* _Directions_
The word "origin" occurs in some lines of the data. Return each such line.

* _Records from a data source_
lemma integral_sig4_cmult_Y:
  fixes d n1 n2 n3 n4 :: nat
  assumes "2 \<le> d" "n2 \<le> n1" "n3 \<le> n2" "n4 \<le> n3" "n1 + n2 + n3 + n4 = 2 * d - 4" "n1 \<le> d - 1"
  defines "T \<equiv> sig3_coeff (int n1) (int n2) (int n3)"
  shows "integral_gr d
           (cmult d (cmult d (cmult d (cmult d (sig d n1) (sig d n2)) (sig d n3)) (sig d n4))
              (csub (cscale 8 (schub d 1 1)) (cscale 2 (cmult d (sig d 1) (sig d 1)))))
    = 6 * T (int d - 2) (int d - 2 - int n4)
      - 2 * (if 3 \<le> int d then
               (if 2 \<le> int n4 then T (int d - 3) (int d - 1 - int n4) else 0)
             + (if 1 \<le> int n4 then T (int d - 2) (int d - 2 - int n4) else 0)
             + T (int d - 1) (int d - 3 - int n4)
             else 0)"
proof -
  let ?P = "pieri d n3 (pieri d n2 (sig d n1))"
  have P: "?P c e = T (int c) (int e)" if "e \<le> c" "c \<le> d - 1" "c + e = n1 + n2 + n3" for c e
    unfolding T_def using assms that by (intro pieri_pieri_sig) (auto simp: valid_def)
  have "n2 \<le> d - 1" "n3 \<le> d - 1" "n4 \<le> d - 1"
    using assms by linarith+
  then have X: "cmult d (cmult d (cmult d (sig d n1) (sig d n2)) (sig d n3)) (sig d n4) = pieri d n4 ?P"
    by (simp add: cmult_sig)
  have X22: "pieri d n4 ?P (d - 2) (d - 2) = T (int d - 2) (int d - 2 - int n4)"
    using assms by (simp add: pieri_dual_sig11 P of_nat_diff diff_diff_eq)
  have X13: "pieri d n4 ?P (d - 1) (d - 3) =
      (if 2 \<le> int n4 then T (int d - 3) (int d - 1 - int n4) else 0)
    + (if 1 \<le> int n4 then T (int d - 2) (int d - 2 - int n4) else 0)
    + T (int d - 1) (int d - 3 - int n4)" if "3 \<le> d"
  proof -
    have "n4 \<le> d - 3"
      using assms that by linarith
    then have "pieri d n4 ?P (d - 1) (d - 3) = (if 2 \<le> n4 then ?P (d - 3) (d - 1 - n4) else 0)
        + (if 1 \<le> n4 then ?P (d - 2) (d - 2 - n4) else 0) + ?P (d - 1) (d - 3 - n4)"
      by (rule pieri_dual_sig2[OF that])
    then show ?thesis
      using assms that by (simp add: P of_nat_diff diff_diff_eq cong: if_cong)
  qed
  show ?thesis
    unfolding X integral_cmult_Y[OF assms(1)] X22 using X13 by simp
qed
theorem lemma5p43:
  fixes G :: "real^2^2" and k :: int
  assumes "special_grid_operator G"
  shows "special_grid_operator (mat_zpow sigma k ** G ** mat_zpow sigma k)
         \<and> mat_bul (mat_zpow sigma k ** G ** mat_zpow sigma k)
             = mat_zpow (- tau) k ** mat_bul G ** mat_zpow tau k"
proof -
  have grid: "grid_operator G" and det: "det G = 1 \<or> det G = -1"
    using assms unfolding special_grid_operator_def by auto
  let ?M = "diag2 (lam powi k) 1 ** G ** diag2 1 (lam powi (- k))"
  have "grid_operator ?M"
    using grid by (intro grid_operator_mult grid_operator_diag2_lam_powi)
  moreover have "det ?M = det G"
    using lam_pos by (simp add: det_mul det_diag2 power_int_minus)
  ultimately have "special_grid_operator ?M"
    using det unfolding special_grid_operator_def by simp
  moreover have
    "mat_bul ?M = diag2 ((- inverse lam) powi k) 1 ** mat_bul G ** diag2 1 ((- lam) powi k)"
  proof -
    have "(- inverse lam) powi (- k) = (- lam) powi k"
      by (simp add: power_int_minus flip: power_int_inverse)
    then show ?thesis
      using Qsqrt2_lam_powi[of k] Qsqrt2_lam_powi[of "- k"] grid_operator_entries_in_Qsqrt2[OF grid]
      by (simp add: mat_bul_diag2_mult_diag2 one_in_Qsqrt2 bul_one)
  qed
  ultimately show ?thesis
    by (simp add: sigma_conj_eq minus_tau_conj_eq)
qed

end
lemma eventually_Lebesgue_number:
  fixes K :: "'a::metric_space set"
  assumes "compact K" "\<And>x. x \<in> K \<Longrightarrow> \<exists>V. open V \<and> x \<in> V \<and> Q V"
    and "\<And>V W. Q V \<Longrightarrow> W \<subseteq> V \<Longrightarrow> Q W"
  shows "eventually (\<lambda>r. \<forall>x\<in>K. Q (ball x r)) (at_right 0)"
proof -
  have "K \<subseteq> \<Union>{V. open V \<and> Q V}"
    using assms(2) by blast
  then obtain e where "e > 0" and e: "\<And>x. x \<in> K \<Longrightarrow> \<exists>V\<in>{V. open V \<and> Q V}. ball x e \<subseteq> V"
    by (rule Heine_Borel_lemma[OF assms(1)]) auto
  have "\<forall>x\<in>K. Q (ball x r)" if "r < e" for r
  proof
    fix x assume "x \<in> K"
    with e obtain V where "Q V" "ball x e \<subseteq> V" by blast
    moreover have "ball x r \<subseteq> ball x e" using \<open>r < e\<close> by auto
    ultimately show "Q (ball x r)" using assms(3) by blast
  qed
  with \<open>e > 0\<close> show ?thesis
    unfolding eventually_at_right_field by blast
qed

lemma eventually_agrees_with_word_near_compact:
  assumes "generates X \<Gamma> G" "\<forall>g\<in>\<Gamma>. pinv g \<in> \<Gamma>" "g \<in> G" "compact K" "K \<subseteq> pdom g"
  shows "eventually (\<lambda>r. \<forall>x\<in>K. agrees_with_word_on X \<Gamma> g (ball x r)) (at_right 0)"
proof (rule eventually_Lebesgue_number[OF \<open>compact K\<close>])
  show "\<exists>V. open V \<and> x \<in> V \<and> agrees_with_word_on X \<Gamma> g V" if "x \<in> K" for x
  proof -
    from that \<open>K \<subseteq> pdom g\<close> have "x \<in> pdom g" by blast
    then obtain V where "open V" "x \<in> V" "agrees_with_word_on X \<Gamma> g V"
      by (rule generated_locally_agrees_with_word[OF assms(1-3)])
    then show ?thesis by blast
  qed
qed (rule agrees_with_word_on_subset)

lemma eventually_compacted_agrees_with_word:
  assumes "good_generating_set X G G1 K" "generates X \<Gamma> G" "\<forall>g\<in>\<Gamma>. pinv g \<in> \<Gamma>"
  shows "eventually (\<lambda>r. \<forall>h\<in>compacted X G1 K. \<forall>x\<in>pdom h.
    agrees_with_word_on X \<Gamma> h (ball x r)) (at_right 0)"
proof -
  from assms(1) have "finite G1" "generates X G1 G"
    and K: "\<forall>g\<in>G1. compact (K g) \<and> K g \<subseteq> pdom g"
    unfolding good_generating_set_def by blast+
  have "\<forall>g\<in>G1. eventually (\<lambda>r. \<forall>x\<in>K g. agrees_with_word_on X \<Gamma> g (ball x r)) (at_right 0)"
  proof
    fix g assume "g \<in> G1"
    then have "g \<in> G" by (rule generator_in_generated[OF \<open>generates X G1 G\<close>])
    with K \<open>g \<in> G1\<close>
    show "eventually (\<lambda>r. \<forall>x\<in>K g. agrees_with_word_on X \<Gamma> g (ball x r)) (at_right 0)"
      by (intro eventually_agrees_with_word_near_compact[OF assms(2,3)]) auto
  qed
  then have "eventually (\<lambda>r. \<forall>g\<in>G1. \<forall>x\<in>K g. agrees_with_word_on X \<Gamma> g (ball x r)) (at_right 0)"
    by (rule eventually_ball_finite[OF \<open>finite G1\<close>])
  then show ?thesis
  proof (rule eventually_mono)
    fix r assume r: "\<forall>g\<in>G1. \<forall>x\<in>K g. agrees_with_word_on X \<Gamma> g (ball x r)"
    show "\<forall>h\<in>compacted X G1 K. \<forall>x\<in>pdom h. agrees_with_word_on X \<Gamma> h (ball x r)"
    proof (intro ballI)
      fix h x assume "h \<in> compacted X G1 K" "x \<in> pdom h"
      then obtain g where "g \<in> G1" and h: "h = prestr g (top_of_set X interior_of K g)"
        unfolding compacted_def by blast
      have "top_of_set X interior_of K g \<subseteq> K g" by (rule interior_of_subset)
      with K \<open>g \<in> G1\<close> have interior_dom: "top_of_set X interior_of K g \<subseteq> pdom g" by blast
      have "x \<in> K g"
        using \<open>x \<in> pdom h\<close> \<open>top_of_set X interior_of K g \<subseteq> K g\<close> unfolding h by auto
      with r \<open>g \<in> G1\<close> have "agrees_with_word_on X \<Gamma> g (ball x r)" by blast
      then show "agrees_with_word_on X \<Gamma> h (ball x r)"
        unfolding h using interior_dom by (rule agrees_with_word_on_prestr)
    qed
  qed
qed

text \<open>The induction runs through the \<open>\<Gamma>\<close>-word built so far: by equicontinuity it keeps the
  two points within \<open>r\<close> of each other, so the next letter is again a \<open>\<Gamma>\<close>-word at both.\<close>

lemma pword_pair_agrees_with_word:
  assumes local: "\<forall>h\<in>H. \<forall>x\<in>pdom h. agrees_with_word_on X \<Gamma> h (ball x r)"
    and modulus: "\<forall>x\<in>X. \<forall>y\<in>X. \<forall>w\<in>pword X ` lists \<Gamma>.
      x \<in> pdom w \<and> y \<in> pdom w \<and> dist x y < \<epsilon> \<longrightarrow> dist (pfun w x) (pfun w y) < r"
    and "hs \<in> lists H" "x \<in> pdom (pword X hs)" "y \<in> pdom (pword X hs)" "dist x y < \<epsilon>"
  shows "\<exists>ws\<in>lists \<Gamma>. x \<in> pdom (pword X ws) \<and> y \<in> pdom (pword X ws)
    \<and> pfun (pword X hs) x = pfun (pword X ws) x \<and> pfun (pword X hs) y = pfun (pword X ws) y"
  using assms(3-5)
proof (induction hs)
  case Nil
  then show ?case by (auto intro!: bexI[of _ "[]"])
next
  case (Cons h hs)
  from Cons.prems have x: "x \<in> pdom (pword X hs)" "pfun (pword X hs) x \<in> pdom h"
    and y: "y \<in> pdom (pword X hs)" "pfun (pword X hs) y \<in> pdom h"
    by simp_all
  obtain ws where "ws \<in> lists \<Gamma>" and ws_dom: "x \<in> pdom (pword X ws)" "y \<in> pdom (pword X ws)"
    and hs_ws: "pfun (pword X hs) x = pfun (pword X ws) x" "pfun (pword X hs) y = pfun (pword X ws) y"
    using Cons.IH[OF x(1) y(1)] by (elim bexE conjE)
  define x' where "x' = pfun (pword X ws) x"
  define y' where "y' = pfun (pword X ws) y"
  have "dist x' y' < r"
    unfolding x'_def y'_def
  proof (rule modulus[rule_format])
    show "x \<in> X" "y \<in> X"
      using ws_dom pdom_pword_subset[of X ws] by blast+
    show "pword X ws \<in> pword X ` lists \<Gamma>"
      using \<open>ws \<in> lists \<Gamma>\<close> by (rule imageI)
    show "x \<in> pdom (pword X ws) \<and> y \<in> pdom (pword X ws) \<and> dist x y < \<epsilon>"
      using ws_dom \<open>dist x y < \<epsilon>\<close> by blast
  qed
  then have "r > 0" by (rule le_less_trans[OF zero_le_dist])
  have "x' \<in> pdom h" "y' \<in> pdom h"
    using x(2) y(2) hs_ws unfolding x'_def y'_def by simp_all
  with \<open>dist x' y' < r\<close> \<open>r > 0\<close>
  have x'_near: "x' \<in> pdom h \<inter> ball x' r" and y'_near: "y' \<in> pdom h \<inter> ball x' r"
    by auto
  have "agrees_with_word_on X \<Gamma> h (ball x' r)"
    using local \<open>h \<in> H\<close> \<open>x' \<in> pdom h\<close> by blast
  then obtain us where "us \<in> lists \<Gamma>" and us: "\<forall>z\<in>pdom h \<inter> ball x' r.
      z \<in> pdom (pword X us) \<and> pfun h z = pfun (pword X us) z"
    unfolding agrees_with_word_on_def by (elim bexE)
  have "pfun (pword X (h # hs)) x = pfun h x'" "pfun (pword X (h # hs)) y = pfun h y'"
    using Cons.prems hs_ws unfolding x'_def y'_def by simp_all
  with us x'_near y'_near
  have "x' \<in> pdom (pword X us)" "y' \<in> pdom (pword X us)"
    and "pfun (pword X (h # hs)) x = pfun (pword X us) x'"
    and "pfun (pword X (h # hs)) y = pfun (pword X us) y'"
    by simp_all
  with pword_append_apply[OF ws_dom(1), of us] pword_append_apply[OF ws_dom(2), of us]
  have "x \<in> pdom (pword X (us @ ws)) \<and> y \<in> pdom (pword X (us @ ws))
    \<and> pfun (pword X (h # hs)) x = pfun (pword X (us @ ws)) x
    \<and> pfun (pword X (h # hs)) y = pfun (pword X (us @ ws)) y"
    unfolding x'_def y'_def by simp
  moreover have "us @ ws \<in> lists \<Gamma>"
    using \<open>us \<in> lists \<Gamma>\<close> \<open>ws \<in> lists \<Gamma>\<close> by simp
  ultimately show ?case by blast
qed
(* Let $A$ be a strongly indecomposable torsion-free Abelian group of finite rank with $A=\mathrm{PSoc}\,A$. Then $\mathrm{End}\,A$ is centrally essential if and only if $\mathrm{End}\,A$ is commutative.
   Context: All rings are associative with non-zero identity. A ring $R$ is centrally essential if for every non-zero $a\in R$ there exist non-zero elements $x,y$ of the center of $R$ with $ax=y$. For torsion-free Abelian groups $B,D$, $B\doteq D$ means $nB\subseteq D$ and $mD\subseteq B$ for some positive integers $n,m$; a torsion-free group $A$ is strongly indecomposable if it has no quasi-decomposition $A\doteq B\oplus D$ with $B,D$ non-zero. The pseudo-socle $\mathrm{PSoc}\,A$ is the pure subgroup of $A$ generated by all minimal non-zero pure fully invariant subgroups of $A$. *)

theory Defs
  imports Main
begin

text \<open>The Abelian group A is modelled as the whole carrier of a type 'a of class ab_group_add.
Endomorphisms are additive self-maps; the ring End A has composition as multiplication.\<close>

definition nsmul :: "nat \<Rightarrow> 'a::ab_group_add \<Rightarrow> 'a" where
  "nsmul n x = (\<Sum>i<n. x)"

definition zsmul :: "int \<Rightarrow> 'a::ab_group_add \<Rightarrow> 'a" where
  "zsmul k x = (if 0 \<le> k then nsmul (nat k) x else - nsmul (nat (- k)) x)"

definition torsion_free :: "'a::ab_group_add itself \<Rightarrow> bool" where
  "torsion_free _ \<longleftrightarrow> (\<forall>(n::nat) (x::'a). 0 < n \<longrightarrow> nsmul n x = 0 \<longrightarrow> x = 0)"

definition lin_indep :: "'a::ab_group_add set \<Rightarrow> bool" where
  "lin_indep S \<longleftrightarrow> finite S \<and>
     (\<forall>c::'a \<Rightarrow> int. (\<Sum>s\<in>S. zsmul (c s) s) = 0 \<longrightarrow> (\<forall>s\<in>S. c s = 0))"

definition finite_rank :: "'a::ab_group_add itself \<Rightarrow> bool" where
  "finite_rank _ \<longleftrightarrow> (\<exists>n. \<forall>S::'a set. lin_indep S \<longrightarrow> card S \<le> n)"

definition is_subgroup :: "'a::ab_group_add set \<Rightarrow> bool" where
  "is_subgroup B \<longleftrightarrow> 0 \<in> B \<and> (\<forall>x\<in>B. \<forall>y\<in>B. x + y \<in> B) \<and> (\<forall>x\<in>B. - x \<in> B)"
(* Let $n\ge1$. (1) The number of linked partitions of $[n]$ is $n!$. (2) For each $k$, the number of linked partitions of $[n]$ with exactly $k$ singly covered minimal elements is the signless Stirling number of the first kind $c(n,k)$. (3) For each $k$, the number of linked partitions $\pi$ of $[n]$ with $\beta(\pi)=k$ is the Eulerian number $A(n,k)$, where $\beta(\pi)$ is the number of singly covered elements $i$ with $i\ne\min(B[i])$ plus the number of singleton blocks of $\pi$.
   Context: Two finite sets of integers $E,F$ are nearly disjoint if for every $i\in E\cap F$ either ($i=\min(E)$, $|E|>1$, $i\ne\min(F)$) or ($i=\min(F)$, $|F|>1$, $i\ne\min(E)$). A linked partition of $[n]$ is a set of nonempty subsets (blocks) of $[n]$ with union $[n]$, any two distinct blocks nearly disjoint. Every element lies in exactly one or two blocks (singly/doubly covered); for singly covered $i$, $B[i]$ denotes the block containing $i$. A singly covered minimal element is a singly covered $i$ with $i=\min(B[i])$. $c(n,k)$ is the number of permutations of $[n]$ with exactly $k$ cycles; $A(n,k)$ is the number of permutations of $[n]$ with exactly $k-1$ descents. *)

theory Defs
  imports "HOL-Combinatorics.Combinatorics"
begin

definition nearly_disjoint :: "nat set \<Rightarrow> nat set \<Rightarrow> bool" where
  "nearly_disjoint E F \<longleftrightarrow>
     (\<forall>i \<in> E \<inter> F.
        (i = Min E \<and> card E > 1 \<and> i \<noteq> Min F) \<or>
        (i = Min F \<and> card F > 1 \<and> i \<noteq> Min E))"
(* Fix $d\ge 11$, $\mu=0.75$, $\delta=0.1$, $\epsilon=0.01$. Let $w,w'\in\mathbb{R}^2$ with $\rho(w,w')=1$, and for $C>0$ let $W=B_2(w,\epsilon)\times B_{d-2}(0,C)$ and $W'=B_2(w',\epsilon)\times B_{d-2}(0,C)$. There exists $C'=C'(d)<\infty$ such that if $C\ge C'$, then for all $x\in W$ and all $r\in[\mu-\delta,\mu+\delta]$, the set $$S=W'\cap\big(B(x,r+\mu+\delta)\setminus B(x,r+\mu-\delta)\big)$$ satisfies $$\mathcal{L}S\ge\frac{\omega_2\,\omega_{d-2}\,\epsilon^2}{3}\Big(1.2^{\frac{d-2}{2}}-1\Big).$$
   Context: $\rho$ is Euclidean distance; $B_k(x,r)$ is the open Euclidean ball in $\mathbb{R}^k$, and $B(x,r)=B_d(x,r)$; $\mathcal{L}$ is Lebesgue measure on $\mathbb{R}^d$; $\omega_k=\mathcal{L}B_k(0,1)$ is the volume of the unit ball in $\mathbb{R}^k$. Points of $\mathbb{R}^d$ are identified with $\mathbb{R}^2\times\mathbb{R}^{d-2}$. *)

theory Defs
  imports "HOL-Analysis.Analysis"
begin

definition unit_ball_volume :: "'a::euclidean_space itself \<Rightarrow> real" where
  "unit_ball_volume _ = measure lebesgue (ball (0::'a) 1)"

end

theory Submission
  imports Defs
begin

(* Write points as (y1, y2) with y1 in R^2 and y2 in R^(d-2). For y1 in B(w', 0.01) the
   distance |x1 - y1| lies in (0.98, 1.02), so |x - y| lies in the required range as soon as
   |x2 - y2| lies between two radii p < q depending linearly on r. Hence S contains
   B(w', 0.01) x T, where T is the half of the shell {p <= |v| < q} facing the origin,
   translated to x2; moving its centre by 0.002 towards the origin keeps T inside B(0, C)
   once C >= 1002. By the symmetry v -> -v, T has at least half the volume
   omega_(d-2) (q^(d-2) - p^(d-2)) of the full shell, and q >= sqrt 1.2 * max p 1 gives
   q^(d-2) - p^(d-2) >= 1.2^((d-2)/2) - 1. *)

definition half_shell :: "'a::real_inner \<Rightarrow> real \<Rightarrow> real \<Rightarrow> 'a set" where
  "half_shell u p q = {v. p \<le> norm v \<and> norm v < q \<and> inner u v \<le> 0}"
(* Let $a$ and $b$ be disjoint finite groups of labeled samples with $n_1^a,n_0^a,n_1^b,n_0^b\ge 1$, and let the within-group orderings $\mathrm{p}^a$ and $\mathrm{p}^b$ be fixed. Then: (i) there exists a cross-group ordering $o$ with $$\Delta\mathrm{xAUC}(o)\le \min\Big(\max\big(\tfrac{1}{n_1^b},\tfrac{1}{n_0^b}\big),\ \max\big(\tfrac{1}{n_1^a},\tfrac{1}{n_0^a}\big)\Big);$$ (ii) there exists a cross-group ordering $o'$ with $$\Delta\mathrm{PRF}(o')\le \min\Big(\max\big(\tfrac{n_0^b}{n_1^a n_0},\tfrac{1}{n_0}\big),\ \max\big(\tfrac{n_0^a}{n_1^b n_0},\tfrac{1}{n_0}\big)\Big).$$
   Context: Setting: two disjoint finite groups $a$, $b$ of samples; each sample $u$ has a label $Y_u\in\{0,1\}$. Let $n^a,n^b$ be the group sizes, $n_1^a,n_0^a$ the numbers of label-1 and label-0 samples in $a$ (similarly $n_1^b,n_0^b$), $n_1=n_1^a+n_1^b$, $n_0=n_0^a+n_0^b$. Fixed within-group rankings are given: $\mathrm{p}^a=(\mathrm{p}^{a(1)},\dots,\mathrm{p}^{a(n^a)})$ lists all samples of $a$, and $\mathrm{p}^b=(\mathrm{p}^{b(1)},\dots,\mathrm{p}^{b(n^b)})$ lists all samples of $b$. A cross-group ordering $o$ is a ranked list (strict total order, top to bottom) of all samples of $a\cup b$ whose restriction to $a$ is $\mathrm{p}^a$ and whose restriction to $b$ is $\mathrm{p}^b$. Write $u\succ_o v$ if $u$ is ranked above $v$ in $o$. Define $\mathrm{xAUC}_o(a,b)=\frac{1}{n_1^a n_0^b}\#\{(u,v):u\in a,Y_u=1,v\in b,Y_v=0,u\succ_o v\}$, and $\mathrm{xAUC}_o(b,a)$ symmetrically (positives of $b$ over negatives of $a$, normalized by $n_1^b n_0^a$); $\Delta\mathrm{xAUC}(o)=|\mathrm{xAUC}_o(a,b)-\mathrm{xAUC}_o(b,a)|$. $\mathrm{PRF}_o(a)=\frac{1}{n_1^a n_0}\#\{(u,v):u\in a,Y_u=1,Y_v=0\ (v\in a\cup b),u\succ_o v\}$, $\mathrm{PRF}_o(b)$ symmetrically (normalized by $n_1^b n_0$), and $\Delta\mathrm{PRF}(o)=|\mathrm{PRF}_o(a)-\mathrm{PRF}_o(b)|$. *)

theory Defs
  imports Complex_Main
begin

* _Your solution_
   B(w', 0.01) x T, where T is the half of the shell {p <= |v| < q} facing the origin,
   translated to x2; moving its centre by 0.002 towards the origin keeps T inside B(0, C)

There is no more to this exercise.